### Work item
Only the lines below, from the one with "proof (rule det_unit_upper_triangular)" through the one with "section \<open>Hankel determinants\<close>", are to be written out, exactly.

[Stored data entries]
lemma degree_det_le:
  fixes A :: "'a::comm_ring_1 poly mat"
  assumes A: "A \<in> carrier_mat N N"
    and deg: "\<And>i j. i < N \<Longrightarrow> j < N \<Longrightarrow> degree (A $$ (i, j)) \<le> a i + b j"
  shows "degree (det A) \<le> sum a {0..<N} + sum b {0..<N}"
  unfolding det_def'[OF A]
proof (rule degree_sum_le)
  fix p assume "p \<in> {p. p permutes {0..<N}}"
  then have p: "p permutes {0..<N}" by simp
  have "degree (\<Prod>i = 0..<N. A $$ (i, p i)) \<le> (\<Sum>i = 0..<N. degree (A $$ (i, p i)))"
    using degree_prod_sum_le[of "{0..<N}" "\<lambda>i. A $$ (i, p i)"] by (simp add: comp_def)
  also have "\<dots> \<le> (\<Sum>i = 0..<N. a i + b (p i))"
    by (rule sum_mono) (use deg p permutes_in_image[OF p] in auto)
  also have "\<dots> = sum a {0..<N} + sum b {0..<N}"
    unfolding sum.distrib sum.permute[OF p, of b] by (simp add: comp_def)
  finally show "degree (of_int (sign p) * (\<Prod>i = 0..<N. A $$ (i, p i)) :: 'a poly)
      \<le> sum a {0..<N} + sum b {0..<N}"
    using degree_mult_le[of "of_int (sign p) :: 'a poly"] by (simp add: degree_of_int)
qed (simp add: finite_permutations)

lemma det_unit_upper_triangular:
  assumes "A \<in> carrier_mat N N" "upper_triangular A" "\<And>i. i < N \<Longrightarrow> A $$ (i, i) = 1"
  shows "det A = 1"
  using assms by (simp add: det_upper_triangular diag_mat_def prod.distinct_set_conv_list[symmetric])

text \<open>
  Multiplying a matrix on the right by \<open>annihilator_mat R N\<close> keeps its first \<open>degree R\<close> columns and
  replaces column \<open>t \<ge> degree R\<close> by \<open>\<Sum>\<^sub>k coeff R k \<cdot> column (t - degree R + k)\<close>; for monic \<open>R\<close>
  this matrix is unit upper triangular.
\<close>

definition annihilator_mat :: "'a::comm_ring_1 poly \<Rightarrow> nat \<Rightarrow> 'a mat" where
  "annihilator_mat R N = mat N N (\<lambda>(j, t).
     if t < degree R then (if j = t then 1 else 0)
     else if t \<le> j + degree R then coeff R (j + degree R - t) else 0)"

lemma dim_annihilator_mat [simp]:
  "dim_row (annihilator_mat R N) = N" "dim_col (annihilator_mat R N) = N"
  by (simp_all add: annihilator_mat_def)

lemma annihilator_mat_carrier [simp]: "annihilator_mat R N \<in> carrier_mat N N"
  by (simp add: carrier_matI)

lemma det_annihilator_mat:
  assumes "lead_coeff R = 1"
  shows "det (annihilator_mat R N) = 1"
proof (rule det_unit_upper_triangular)
  show "upper_triangular (annihilator_mat R N)"
    by (rule upper_triangularI) (auto simp: annihilator_mat_def coeff_eq_0)
qed (use assms in \<open>auto simp: annihilator_mat_def\<close>)

lemma sum_mult_annihilator_mat_low:
  assumes "t < degree R" "t < N"
  shows "(\<Sum>j = 0..<N. f j * annihilator_mat R N $$ (j, t)) = f t"
  using assms by (simp add: annihilator_mat_def if_distrib[of "\<lambda>x. _ * x"] cong: if_cong)

lemma sum_mult_annihilator_mat:
  assumes "degree R \<le> t" "t < N"
  shows "(\<Sum>j = 0..<N. f j * annihilator_mat R N $$ (j, t))
    = (\<Sum>k\<le>degree R. coeff R k * f (t - degree R + k))"
proof -
  let ?D = "degree R"
  have "(\<Sum>j = 0..<N. f j * annihilator_mat R N $$ (j, t))
      = (\<Sum>j = 0 + (t - ?D)..?D + (t - ?D). f j * coeff R (j + ?D - t))"
    using assms
    by (intro sum.mono_neutral_cong_right) (auto simp: annihilator_mat_def coeff_eq_0)
  also have "\<dots> = (\<Sum>k\<le>?D. coeff R k * f (t - ?D + k))"
    unfolding sum.shift_bounds_cl_nat_ivl atLeast0AtMost
    by (intro sum.cong refl) (use assms in \<open>simp add: mult.commute add.commute\<close>)
  finally show ?thesis .
qed

lemma annihilated_exp_poly_sequence:
  fixes R G :: "'a::comm_ring_1 poly"
  assumes "\<And>p. p \<le> degree G \<Longrightarrow> poly R (u * y ^ p) = 0"
  shows "(\<Sum>k\<le>degree R. coeff R k * (u ^ (m + k) * poly G (y ^ (m + k)))) = 0"
proof -
  have "(\<Sum>k\<le>degree R. coeff R k * (u ^ (m + k) * poly G (y ^ (m + k))))
      = (\<Sum>k\<le>degree R. \<Sum>p\<le>degree G. coeff G p * u ^ m * (y ^ m) ^ p * (coeff R k * (u * y ^ p) ^ k))"
    unfolding poly_altdef sum_distrib_left
    by (intro sum.cong refl) (simp add: power_add power_mult_distrib mult_ac flip: power_mult)
  also have "\<dots> = (\<Sum>p\<le>degree G. coeff G p * u ^ m * (y ^ m) ^ p * poly R (u * y ^ p))"
    by (subst sum.swap) (simp add: poly_altdef sum_distrib_left)
  also have "\<dots> = 0"
    using assms by simp
  finally show ?thesis .
qed

section \<open>Hankel determinants\<close>

lemma hankel_mult_annihilator_mat:
  fixes \<mu> :: "nat \<Rightarrow> 'a::comm_ring_1"
  assumes "degree R \<le> t" "t < N" "i < N"
  shows "(mat N N (\<lambda>(i, j). \<mu> (i + j)) * annihilator_mat R N) $$ (i, t)
    = (\<Sum>k\<le>degree R. coeff R k * \<mu> (i + t - degree R + k))"
  using assms sum_mult_annihilator_mat[of R t N "\<lambda>j. \<mu> (i + j)"]
  by (simp add: scalar_prod_def add.assoc)

lemma sum_indicator_greater: "(\<Sum>t = 0..<N. if d < t then 1 else 0) = N - Suc d"
proof -
  have "(\<Sum>t = 0..<N. if d < t then 1 else 0) = card {Suc d..<N}"
    unfolding card_eq_sum by (intro sum.mono_neutral_cong_right) auto
  then show ?thesis by simp
qed

lemma hankel_det_dvd_root:
  fixes \<mu> :: "nat \<Rightarrow> 'a::field poly"
  assumes \<mu>: "\<And>k. poly (\<mu> k) r = u ^ k * poly G (y ^ k)" and deg: "degree G \<le> d"
  shows "[:-r, 1:] ^ (n - d) dvd det (mat (Suc n) (Suc n) (\<lambda>(i, j). \<mu> (i + j)))"
proof -
  define N where "N = Suc n"
  define R where "R = (\<Prod>p = 0..d. [:-(u * y ^ p), 1:])"
  define R' where "R' = map_poly (\<lambda>c. [:c:]) R"
  define M where "M = mat N N (\<lambda>(i, j). \<mu> (i + j))"
  define C where "C = annihilator_mat R' N"
  have deg_R: "degree R = Suc d"
    unfolding R_def by (subst degree_prod_eq_sum_degree) auto
  have deg_R': "degree R' = degree R" and coeff_R': "\<And>k. coeff R' k = [:coeff R k:]"
    unfolding R'_def by (simp_all add: degree_map_poly coeff_map_poly)
  have "lead_coeff R = 1"
    using lead_coeff_prod[of "\<lambda>p. [:-(u * y ^ p), 1:]" "{0..d}"] unfolding R_def by simp
  then have "det C = 1"
    unfolding C_def by (intro det_annihilator_mat) (simp add: deg_R' coeff_R')
  then have det_MC: "det (M * C) = det M"
    using det_mult[of M N C] by (simp add: M_def C_def)
  have R_roots: "poly R (u * y ^ p) = 0" if "p \<le> degree G" for p
    using that deg unfolding R_def poly_prod by (intro prod_zero) auto
  have "[:-r, 1:] ^ (sum (\<lambda>_. 0) {0..<N} + sum (\<lambda>t. if d < t then 1 else 0) {0..<N}) dvd det (M * C)"
  proof (rule power_sum_dvd_det)
    fix i t assume it: "i < N" "t < N"
    show "[:-r, 1:] ^ (0 + (if d < t then 1 else 0)) dvd (M * C) $$ (i, t)"
    proof (cases "d < t")
      case True
      have "(M * C) $$ (i, t) = (\<Sum>k\<le>degree R. [:coeff R k:] * \<mu> (i + t - degree R + k))"
        unfolding M_def C_def using True it
        by (subst hankel_mult_annihilator_mat) (simp_all add: deg_R' coeff_R' deg_R)
      then have "poly ((M * C) $$ (i, t)) r
          = (\<Sum>k\<le>degree R. coeff R k * (u ^ ((i + t - degree R) + k) * poly G (y ^ ((i + t - degree R) + k))))"
        by (simp add: poly_sum \<mu>)
      also have "\<dots> = 0"
        by (rule annihilated_exp_poly_sequence) (rule R_roots)
      finally show ?thesis
        using True by (simp add: poly_eq_0_iff_dvd)
    qed simp
  qed (simp add: M_def C_def carrier_matI)
  moreover have "sum (\<lambda>t. if d < t then 1 else 0) {0..<N} = n - d"
    unfolding sum_indicator_greater N_def by simp
  ultimately show ?thesis
    using det_MC by (simp add: M_def N_def)
qed

lemma first_order_taylor:
  fixes p :: "'a::idom poly"
  obtains \<rho> where "p = [:poly p c:] + smult (poly (pderiv p) c) [:-c, 1:] + [:-c, 1:] ^ 2 * \<rho>"
proof
  define r where "r = synthetic_div p c"
  have p: "p = [:-c, 1:] * r + [:poly p c:]"
    unfolding r_def by (rule synthetic_div_correct'[symmetric])
  have r: "r = [:-c, 1:] * synthetic_div r c + [:poly r c:]"
    by (rule synthetic_div_correct'[symmetric])
  have "pderiv p = [:-c, 1:] * pderiv r + r"
    by (subst p) (simp add: pderiv_add pderiv_mult pderiv_pCons one_pCons[symmetric] del: mult_pCons_left)
  then have slope: "poly (pderiv p) c = poly r c"
    by simp
  have ring_identity: "X * (X * t + a) + b = b + a * X + X ^ 2 * t" for X t a b :: "'a poly"
    by (simp add: algebra_simps power2_eq_square)
  have "p = [:-c, 1:] * ([:-c, 1:] * synthetic_div r c + [:poly r c:]) + [:poly p c:]"
    by (simp only: r[symmetric] p[symmetric])
  also have "\<dots> = [:poly p c:] + [:poly r c:] * [:-c, 1:] + [:-c, 1:] ^ 2 * synthetic_div r c"
    by (rule ring_identity)
  finally show "p = [:poly p c:] + smult (poly (pderiv p) c) [:-c, 1:] + [:-c, 1:] ^ 2 * synthetic_div r c"
    by (simp only: slope mult_pCons_left mult_zero_left pCons_0_0 add_0_right)
qed

lemma sum_mult_difference_mat:
  fixes f :: "nat \<Rightarrow> 'a::comm_ring_1"
  assumes "t < N"
  shows "(\<Sum>j = 0..<N. f j * annihilator_mat [:-1, 1:] N $$ (j, t)) = (if t = 0 then f t else f t - f (t - 1))"
  using assms by (simp add: sum_mult_annihilator_mat_low sum_mult_annihilator_mat)

lemma differences_dvd_of_unit_slope:
  fixes \<mu> :: "nat \<Rightarrow> 'a::field poly"
  assumes val: "\<And>k. poly (\<mu> k) 1 = 1" and slope: "\<And>k. poly (pderiv (\<mu> k)) 1 = of_nat k"
  shows "[:-1, 1:] dvd \<mu> (Suc k) - \<mu> k"
    and "[:-1, 1:] ^ 2 dvd \<mu> (Suc (Suc k)) - \<mu> (Suc k) - (\<mu> (Suc k) - \<mu> k)"
proof -
  define X :: "'a poly" where "X = [:-1, 1:]"
  have taylor: "\<exists>\<rho>. \<mu> k = 1 + of_nat k * X + X ^ 2 * \<rho>" for k
  proof -
    obtain \<rho> where "\<mu> k = [:1:] + smult (of_nat k) X + X ^ 2 * \<rho>"
      using first_order_taylor[of "\<mu> k" 1] val slope unfolding X_def by metis
    then show ?thesis by (auto simp: of_nat_poly one_pCons)
  qed
  obtain \<rho>0 \<rho>1 \<rho>2 where "\<mu> k = 1 + of_nat k * X + X ^ 2 * \<rho>0"
    and "\<mu> (Suc k) = 1 + of_nat (Suc k) * X + X ^ 2 * \<rho>1"
    and "\<mu> (Suc (Suc k)) = 1 + of_nat (Suc (Suc k)) * X + X ^ 2 * \<rho>2"
    using taylor by metis
  then have "\<mu> (Suc k) - \<mu> k = X * (1 + X * (\<rho>1 - \<rho>0))"
    and "\<mu> (Suc (Suc k)) - \<mu> (Suc k) - (\<mu> (Suc k) - \<mu> k) = X ^ 2 * (\<rho>2 - 2 * \<rho>1 + \<rho>0)"
    by (simp_all add: algebra_simps power2_eq_square)
  then have "X dvd \<mu> (Suc k) - \<mu> k" "X ^ 2 dvd \<mu> (Suc (Suc k)) - \<mu> (Suc k) - (\<mu> (Suc k) - \<mu> k)"
    by simp_all
  then show "[:-1, 1:] dvd \<mu> (Suc k) - \<mu> k"
    and "[:-1, 1:] ^ 2 dvd \<mu> (Suc (Suc k)) - \<mu> (Suc k) - (\<mu> (Suc k) - \<mu> k)"
    by (simp_all only: X_def)
qed

lemma hankel_det_dvd_one:
  fixes \<mu> :: "nat \<Rightarrow> 'a::field poly"
  assumes "\<And>k. poly (\<mu> k) 1 = 1" and "\<And>k. poly (pderiv (\<mu> k)) 1 = of_nat k"
  shows "[:-1, 1:] ^ (2 * n) dvd det (mat (Suc n) (Suc n) (\<lambda>(i, j). \<mu> (i + j)))"
proof -
  note first_diff = differences_dvd_of_unit_slope(1)[OF assms]
    and second_diff = differences_dvd_of_unit_slope(2)[OF assms]
  define N where "N = Suc n"
  define M where "M = mat N N (\<lambda>(i, j). \<mu> (i + j))"
  define C where "C = annihilator_mat [:-1, 1 :: 'a poly:] N"
  define E where "E = transpose_mat C * (M * C)"
  have M: "M \<in> carrier_mat N N" and C: "C \<in> carrier_mat N N"
    by (simp_all add: M_def C_def)
  have "det C = 1"
    unfolding C_def by (simp add: det_annihilator_mat)
  then have "det E = det M"
    unfolding E_def
    by (simp add: det_mult[OF transpose_carrier_mat[THEN iffD2, OF C] mult_carrier_mat[OF M C]]
        det_mult[OF M C] det_transpose[OF C])
  have MC: "(M * C) $$ (i, t) = (if t = 0 then \<mu> i else \<mu> (i + t) - \<mu> (i + t - 1))"
    if "i < N" "t < N" for i t
    using that sum_mult_difference_mat[of t N "\<lambda>j. \<mu> (i + j)"]
    by (simp add: M_def C_def scalar_prod_def)
  have E: "E $$ (i, t) = (if i = 0 then (M * C) $$ (i, t) else (M * C) $$ (i, t) - (M * C) $$ (i - 1, t))"
    if "i < N" "t < N" for i t
    using that sum_mult_difference_mat[of i N "\<lambda>j. (M * C) $$ (j, t)"]
    by (simp add: E_def M_def C_def scalar_prod_def mult.commute)
  have "[:-1, 1:] ^ (sum (\<lambda>i. if 0 < i then 1 else 0) {0..<N} + sum (\<lambda>i. if 0 < i then 1 else 0) {0..<N})
      dvd det E"
  proof (rule power_sum_dvd_det)
    fix i t assume it: "i < N" "t < N"
    consider "i = 0" "t = 0" | i' where "i = Suc i'" "t = 0" | t' where "i = 0" "t = Suc t'"
      | i' t' where "i = Suc i'" "t = Suc t'"
      by (cases i; cases t) auto
    then show "[:-1, 1:] ^ ((if 0 < i then 1 else 0) + (if 0 < t then 1 else 0)) dvd E $$ (i, t)"
      by cases (use it first_diff second_diff in \<open>simp_all add: E MC power2_eq_square\<close>)
  qed (simp add: E_def M_def C_def carrier_matI)
  moreover have "sum (\<lambda>i. if 0 < i then 1 else 0) {0..<N} = n"
    unfolding sum_indicator_greater N_def by simp
  ultimately show ?thesis
    using \<open>det E = det M\<close> by (simp add: M_def N_def mult_2)
qed

lemma linear_power_dvd_cancel:
  fixes a b :: "'a::field"
  assumes "a \<noteq> b" and "[:-a, 1:] ^ k dvd [:-b, 1:] ^ j * P"
  shows "[:-a, 1:] ^ k dvd P"
proof (cases "P = 0")
  case False
  then have "k \<le> order a ([:-b, 1:] ^ j * P)"
    using assms(2) by (simp add: order_divides)
  also have "\<dots> = order a P"
    using False assms(1) by (simp add: order_mult order_0I)
  finally show ?thesis by (simp add: order_divides)
qed simp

### Answer for this exercise
proof (rule det_unit_upper_triangular)
  show "upper_triangular (annihilator_mat R N)"
    by (rule upper_triangularI) (auto simp: annihilator_mat_def coeff_eq_0)
qed (use assms in \<open>auto simp: annihilator_mat_def\<close>)

lemma sum_mult_annihilator_mat_low:
  assumes "t < degree R" "t < N"
  shows "(\<Sum>j = 0..<N. f j * annihilator_mat R N $$ (j, t)) = f t"
  using assms by (simp add: annihilator_mat_def if_distrib[of "\<lambda>x. _ * x"] cong: if_cong)

lemma sum_mult_annihilator_mat:
  assumes "degree R \<le> t" "t < N"
  shows "(\<Sum>j = 0..<N. f j * annihilator_mat R N $$ (j, t))
    = (\<Sum>k\<le>degree R. coeff R k * f (t - degree R + k))"
proof -
  let ?D = "degree R"
  have "(\<Sum>j = 0..<N. f j * annihilator_mat R N $$ (j, t))
      = (\<Sum>j = 0 + (t - ?D)..?D + (t - ?D). f j * coeff R (j + ?D - t))"
    using assms
    by (intro sum.mono_neutral_cong_right) (auto simp: annihilator_mat_def coeff_eq_0)
  also have "\<dots> = (\<Sum>k\<le>?D. coeff R k * f (t - ?D + k))"
    unfolding sum.shift_bounds_cl_nat_ivl atLeast0AtMost
    by (intro sum.cong refl) (use assms in \<open>simp add: mult.commute add.commute\<close>)
  finally show ?thesis .
qed

lemma annihilated_exp_poly_sequence:
  fixes R G :: "'a::comm_ring_1 poly"
  assumes "\<And>p. p \<le> degree G \<Longrightarrow> poly R (u * y ^ p) = 0"
  shows "(\<Sum>k\<le>degree R. coeff R k * (u ^ (m + k) * poly G (y ^ (m + k)))) = 0"
proof -
  have "(\<Sum>k\<le>degree R. coeff R k * (u ^ (m + k) * poly G (y ^ (m + k))))
      = (\<Sum>k\<le>degree R. \<Sum>p\<le>degree G. coeff G p * u ^ m * (y ^ m) ^ p * (coeff R k * (u * y ^ p) ^ k))"
    unfolding poly_altdef sum_distrib_left
    by (intro sum.cong refl) (simp add: power_add power_mult_distrib mult_ac flip: power_mult)
  also have "\<dots> = (\<Sum>p\<le>degree G. coeff G p * u ^ m * (y ^ m) ^ p * poly R (u * y ^ p))"
    by (subst sum.swap) (simp add: poly_altdef sum_distrib_left)
  also have "\<dots> = 0"
    using assms by simp
  finally show ?thesis .
qed

section \<open>Hankel determinants\<close>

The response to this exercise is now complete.